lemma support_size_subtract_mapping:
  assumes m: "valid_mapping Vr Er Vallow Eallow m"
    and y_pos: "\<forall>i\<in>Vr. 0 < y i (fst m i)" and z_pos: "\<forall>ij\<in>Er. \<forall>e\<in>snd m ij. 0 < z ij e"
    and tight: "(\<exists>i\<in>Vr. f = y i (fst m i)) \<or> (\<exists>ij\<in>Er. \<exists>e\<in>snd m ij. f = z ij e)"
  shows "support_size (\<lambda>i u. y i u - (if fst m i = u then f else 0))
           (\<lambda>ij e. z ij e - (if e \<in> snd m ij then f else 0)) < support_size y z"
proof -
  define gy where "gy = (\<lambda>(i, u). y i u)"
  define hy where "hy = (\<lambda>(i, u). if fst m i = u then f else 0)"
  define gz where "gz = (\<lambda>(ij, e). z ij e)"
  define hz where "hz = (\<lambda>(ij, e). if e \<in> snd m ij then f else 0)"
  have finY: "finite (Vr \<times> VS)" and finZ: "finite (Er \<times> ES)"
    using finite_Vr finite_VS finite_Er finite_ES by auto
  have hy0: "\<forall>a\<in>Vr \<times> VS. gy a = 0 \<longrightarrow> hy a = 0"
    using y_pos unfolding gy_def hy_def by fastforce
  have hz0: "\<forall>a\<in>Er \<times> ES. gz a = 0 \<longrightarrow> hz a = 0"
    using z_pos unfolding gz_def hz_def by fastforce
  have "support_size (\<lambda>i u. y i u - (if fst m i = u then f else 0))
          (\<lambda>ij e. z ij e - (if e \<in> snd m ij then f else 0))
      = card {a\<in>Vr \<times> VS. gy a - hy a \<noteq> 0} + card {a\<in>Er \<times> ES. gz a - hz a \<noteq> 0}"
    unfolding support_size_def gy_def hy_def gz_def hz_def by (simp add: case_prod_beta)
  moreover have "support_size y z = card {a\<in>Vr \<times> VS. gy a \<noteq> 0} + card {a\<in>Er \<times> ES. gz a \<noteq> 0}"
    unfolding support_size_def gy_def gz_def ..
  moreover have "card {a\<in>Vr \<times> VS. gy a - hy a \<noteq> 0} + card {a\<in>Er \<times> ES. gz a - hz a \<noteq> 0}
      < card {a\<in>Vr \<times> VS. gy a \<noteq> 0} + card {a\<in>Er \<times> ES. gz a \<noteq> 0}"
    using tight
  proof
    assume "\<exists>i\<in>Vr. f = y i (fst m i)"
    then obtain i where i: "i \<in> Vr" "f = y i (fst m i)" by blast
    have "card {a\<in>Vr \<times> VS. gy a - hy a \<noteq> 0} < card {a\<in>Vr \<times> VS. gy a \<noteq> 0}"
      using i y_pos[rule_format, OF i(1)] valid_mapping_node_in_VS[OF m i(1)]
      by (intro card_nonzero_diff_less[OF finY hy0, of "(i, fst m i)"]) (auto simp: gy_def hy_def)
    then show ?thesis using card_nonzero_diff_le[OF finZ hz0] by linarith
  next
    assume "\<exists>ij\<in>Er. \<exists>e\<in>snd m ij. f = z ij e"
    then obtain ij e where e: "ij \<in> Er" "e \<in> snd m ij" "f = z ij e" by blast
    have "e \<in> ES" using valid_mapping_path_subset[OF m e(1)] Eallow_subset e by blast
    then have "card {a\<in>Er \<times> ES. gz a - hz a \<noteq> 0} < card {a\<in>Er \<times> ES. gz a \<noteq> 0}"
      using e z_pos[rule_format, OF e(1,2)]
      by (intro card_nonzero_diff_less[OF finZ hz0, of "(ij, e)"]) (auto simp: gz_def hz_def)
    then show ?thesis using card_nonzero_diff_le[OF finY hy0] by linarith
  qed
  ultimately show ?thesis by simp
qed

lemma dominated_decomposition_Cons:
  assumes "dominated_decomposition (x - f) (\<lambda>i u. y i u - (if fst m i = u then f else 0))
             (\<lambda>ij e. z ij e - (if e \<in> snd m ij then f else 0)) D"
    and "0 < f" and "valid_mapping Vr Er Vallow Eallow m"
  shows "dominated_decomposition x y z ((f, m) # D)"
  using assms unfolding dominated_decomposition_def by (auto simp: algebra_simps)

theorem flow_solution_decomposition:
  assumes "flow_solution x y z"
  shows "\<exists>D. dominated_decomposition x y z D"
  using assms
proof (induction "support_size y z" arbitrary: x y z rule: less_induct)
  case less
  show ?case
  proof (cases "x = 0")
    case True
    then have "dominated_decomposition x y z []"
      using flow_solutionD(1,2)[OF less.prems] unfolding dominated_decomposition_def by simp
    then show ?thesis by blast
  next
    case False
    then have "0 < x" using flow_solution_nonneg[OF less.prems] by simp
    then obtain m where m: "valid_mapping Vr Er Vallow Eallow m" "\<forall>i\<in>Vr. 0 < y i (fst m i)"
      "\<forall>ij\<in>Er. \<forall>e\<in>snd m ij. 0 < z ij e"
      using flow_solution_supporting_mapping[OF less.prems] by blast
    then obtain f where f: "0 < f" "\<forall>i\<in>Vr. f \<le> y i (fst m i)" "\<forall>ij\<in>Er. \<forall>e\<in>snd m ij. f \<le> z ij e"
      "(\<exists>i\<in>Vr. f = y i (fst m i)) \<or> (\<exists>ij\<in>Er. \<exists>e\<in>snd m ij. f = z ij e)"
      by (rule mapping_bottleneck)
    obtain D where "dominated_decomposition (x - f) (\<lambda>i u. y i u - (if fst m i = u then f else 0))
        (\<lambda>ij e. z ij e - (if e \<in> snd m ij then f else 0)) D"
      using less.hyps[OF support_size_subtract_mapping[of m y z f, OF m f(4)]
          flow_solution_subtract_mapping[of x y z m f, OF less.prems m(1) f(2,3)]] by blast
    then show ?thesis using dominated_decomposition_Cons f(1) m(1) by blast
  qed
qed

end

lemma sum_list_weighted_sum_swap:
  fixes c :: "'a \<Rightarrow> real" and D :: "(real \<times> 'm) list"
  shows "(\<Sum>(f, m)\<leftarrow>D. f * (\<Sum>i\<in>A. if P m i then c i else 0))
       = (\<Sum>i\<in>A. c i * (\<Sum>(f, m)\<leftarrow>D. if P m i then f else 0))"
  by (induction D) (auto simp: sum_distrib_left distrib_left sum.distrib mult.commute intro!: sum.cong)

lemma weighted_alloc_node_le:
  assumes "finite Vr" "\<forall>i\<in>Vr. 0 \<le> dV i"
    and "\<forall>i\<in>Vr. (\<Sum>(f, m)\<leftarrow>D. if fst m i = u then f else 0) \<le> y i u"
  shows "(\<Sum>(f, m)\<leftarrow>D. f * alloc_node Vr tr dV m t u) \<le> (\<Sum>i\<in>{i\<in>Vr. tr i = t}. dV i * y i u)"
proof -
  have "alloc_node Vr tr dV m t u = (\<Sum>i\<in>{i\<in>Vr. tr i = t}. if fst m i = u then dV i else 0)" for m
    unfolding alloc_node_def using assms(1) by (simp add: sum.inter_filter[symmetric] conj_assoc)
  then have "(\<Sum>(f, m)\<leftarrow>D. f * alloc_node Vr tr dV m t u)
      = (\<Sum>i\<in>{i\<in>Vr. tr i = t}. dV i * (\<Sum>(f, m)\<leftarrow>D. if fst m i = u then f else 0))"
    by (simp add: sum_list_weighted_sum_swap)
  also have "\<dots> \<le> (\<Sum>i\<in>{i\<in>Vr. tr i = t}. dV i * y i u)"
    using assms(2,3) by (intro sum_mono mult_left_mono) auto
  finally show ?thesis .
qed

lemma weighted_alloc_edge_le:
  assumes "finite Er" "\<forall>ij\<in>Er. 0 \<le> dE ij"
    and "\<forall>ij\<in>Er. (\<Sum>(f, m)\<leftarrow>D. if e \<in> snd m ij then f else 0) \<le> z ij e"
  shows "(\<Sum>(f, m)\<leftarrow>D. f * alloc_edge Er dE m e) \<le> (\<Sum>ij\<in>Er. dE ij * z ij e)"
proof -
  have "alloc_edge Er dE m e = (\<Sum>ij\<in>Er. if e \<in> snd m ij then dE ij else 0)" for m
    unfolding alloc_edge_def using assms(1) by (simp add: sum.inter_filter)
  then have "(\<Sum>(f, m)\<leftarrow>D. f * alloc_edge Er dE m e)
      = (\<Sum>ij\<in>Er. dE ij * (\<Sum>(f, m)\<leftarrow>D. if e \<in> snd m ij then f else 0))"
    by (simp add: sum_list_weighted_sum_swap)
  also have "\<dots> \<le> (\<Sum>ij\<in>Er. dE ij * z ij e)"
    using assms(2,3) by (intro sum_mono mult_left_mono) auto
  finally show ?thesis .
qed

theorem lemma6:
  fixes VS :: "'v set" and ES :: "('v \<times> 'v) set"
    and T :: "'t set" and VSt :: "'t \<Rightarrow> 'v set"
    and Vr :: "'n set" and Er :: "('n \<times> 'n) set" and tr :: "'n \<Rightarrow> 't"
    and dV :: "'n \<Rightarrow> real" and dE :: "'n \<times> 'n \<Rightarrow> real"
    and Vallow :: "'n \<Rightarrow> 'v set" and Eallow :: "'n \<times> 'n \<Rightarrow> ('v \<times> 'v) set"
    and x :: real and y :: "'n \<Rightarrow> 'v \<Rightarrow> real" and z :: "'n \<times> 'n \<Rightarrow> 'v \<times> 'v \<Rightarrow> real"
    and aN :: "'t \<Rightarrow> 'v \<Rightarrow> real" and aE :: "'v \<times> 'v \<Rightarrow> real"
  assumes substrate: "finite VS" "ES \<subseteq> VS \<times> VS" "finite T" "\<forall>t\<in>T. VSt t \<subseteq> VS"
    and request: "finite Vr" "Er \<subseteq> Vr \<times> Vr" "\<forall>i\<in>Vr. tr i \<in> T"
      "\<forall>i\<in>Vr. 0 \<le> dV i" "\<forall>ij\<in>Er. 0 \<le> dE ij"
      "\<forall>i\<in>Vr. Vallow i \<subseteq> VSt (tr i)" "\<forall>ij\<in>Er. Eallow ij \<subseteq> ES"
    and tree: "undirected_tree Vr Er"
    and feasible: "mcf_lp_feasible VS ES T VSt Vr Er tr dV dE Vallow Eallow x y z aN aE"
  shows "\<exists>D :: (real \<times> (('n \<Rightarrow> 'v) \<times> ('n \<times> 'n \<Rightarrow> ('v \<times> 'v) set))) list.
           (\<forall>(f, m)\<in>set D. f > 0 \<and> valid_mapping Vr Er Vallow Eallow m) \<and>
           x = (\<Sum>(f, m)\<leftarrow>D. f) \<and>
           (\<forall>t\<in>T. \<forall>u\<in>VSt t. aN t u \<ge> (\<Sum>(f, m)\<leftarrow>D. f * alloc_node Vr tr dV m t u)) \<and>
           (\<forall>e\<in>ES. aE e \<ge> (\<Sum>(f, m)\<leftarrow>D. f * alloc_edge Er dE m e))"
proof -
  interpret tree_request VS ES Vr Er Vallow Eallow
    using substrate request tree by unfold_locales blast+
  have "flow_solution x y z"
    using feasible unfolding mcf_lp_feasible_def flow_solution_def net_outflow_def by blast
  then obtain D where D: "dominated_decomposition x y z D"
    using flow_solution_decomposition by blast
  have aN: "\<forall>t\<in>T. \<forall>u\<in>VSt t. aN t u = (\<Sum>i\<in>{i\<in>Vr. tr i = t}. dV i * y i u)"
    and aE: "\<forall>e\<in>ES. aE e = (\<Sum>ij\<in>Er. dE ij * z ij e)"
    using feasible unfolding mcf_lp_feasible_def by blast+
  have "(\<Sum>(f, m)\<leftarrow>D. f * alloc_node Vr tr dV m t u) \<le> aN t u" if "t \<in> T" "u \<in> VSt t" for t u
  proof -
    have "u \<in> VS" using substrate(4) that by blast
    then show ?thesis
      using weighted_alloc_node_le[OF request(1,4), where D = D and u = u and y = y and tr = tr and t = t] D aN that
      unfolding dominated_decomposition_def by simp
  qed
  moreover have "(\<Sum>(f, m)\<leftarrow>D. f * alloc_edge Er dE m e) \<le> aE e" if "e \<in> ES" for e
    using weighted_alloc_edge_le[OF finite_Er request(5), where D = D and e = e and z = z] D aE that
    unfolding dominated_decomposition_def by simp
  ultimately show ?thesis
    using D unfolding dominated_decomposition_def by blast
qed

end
────
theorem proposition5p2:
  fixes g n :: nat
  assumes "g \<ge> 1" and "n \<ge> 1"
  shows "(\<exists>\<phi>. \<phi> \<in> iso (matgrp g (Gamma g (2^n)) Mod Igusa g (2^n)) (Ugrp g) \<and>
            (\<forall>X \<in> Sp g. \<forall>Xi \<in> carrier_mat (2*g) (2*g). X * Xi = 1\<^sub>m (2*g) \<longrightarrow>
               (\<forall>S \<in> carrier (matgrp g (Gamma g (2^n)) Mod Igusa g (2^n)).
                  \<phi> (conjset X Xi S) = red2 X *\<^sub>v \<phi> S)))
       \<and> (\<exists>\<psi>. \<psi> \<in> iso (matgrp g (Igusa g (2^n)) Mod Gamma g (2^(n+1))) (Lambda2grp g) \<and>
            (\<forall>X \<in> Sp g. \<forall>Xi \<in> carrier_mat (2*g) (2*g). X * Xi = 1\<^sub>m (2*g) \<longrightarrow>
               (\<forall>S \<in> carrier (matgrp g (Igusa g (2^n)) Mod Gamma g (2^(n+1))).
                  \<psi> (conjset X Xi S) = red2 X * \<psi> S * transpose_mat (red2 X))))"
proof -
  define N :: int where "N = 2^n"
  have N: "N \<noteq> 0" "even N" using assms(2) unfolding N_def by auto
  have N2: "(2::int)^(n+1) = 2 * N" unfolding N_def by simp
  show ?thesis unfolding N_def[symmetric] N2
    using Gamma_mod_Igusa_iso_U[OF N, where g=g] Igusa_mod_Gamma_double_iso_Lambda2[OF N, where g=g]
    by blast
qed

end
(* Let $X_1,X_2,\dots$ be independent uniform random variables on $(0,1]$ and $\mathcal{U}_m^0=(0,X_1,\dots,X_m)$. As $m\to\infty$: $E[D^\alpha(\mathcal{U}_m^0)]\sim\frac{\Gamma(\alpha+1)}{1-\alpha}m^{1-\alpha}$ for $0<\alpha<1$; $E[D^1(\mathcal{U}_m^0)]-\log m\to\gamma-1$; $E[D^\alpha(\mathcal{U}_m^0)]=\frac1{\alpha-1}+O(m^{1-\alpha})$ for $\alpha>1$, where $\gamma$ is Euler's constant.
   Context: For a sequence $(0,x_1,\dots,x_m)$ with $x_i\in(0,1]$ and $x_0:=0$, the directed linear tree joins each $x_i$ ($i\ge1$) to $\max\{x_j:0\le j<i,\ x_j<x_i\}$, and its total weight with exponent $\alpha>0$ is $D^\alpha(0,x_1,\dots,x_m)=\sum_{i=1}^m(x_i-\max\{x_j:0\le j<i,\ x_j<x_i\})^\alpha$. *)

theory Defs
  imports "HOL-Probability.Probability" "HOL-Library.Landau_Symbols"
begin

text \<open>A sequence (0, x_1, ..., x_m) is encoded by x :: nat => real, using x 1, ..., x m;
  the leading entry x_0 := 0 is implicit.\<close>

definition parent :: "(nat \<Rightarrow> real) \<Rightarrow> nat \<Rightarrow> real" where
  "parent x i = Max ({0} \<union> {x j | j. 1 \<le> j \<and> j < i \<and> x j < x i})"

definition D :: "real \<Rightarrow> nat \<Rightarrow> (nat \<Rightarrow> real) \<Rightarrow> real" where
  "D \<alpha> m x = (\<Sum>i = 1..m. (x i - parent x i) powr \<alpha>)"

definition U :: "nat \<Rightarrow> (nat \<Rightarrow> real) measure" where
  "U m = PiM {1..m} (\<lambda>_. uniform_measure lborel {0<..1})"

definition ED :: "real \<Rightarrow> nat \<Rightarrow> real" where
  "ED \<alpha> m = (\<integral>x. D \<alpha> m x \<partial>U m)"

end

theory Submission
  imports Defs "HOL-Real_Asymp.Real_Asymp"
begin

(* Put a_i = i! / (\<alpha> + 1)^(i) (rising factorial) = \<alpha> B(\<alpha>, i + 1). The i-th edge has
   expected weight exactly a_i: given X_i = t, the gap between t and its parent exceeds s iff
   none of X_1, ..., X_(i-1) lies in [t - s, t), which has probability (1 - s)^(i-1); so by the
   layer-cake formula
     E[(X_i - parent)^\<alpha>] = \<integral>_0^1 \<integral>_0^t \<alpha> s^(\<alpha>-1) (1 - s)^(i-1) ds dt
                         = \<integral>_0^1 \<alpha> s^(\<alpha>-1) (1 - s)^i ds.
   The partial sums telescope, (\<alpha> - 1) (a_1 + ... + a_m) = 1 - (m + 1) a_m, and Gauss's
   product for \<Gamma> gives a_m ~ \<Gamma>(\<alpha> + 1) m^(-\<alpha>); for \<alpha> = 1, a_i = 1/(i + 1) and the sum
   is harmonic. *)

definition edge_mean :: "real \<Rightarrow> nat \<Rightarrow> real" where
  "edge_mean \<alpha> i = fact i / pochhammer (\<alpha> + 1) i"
────
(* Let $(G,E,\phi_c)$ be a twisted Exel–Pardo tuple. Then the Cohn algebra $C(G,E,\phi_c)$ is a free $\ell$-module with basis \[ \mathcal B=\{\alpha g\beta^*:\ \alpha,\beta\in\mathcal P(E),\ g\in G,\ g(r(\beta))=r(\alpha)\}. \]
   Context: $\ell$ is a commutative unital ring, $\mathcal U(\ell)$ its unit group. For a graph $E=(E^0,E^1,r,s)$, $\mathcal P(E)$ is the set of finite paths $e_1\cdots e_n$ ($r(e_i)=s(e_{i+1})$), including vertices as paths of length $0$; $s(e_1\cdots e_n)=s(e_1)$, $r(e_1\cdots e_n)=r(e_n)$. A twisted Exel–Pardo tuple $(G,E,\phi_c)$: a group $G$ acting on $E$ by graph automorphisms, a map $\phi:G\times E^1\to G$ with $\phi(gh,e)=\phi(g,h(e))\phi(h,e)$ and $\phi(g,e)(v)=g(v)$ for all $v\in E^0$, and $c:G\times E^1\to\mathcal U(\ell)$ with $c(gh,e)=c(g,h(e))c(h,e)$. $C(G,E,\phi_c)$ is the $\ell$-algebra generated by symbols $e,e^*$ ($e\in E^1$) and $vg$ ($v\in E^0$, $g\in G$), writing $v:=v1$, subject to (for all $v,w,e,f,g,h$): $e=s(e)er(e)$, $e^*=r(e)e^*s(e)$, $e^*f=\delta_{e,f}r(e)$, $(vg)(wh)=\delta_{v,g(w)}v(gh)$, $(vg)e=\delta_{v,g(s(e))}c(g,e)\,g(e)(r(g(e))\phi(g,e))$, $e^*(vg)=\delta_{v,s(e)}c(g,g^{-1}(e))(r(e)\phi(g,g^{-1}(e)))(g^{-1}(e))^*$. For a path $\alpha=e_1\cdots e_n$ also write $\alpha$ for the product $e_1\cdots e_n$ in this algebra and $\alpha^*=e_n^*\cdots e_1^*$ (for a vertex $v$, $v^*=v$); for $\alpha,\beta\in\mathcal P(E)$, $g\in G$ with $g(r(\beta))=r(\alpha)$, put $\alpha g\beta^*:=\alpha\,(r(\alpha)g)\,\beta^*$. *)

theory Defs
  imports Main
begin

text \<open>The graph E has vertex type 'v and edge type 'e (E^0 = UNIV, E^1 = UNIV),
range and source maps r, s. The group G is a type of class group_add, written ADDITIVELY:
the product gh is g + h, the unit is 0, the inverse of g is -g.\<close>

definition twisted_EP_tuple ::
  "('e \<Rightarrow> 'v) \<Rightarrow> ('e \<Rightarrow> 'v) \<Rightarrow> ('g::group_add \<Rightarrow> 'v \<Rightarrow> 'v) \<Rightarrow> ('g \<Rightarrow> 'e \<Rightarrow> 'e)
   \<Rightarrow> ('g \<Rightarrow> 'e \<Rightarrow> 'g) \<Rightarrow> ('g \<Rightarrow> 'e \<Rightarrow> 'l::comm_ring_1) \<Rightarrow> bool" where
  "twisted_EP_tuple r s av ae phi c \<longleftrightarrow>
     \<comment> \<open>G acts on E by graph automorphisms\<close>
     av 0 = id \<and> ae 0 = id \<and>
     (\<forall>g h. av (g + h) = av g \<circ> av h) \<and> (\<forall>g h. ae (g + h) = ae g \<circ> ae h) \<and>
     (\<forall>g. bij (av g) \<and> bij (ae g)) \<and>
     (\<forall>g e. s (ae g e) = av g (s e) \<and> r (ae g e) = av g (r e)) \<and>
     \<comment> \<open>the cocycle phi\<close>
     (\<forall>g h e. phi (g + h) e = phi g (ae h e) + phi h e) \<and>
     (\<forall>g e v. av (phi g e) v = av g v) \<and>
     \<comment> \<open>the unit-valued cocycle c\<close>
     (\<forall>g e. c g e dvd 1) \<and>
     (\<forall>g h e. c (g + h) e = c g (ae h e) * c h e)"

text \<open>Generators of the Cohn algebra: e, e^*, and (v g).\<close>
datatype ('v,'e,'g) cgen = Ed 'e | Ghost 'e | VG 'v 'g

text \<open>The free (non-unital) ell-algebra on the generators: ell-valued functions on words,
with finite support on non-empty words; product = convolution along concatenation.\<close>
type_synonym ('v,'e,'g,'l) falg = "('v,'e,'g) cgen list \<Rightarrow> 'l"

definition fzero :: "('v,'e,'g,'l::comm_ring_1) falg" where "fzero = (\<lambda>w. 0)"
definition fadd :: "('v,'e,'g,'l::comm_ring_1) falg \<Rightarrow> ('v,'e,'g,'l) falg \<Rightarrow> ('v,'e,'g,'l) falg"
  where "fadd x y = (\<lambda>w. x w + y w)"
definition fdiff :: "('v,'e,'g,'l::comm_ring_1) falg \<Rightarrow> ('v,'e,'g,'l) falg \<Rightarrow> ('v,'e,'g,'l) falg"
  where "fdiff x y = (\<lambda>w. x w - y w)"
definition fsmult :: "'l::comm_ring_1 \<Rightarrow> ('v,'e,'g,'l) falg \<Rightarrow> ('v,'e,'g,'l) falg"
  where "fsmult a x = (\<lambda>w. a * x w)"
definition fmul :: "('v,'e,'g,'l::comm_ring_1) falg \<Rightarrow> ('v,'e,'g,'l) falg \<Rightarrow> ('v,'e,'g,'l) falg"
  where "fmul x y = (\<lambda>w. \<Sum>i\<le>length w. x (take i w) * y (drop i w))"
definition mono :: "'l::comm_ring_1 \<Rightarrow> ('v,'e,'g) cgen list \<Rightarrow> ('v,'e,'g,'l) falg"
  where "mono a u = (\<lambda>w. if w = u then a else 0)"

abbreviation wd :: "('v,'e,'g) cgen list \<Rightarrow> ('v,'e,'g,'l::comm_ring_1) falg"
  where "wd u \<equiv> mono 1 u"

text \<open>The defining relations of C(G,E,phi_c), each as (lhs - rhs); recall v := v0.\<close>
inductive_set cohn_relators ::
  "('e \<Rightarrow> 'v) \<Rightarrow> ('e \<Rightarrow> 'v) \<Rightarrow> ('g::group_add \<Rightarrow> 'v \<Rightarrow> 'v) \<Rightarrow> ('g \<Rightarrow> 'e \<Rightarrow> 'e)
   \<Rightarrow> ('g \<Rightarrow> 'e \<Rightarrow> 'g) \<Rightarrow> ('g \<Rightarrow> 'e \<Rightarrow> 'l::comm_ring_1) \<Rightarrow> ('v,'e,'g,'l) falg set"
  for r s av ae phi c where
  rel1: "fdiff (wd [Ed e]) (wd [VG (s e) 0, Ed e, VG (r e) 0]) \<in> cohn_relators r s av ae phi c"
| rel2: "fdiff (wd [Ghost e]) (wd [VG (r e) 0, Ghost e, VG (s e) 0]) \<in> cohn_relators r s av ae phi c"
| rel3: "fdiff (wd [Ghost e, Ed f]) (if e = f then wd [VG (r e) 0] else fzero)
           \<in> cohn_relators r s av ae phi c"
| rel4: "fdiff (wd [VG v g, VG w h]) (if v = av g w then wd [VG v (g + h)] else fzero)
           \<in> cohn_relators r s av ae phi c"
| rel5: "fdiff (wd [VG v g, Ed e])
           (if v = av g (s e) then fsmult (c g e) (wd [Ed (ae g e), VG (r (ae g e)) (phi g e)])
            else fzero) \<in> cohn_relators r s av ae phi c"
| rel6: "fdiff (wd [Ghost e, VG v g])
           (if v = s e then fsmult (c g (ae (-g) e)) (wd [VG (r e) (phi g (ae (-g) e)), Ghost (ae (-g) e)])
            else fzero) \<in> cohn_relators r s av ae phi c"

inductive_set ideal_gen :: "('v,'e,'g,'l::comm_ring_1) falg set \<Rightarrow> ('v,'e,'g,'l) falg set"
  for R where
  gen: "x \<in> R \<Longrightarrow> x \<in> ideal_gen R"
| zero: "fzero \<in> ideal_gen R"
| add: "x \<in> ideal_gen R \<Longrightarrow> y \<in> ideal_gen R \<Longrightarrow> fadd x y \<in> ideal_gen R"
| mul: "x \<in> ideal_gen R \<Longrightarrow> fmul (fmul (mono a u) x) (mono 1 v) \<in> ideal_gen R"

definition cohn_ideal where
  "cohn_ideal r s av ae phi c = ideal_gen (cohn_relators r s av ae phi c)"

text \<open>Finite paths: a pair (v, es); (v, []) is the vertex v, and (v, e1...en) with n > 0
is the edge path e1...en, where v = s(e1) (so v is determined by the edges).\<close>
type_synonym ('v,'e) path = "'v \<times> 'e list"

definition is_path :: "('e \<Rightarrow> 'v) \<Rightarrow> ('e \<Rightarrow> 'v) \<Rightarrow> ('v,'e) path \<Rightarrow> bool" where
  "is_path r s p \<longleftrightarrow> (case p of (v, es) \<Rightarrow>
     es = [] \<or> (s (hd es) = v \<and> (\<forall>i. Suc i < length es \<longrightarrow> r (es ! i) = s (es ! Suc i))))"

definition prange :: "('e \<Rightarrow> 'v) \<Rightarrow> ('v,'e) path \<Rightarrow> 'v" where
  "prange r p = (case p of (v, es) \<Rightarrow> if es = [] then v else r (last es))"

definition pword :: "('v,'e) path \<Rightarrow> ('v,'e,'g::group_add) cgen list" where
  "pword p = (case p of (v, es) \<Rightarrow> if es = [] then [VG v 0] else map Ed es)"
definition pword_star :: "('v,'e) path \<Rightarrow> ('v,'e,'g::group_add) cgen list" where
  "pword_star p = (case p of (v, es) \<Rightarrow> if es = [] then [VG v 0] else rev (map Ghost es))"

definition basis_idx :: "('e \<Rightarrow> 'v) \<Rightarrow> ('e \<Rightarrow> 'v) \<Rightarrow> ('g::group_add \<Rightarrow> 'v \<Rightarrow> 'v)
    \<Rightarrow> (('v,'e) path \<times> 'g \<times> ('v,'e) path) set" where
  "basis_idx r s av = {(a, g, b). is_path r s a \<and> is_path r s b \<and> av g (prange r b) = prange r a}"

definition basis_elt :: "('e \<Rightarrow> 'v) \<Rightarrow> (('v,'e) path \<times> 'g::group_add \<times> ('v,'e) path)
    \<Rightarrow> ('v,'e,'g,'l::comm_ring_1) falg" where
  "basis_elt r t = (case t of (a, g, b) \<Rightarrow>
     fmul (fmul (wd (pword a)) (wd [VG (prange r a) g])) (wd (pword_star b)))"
────
=== Work instructions ===
Scan the records for the word "integral". Copy each line where it turns up.

=== Completed task ===
  "ED \<alpha> m = (\<integral>x. D \<alpha> m x \<partial>U m)"
     E[(X_i - parent)^\<alpha>] = \<integral>_0^1 \<integral>_0^t \<alpha> s^(\<alpha>-1) (1 - s)^(i-1) ds dt
                         = \<integral>_0^1 \<alpha> s^(\<alpha>-1) (1 - s)^i ds.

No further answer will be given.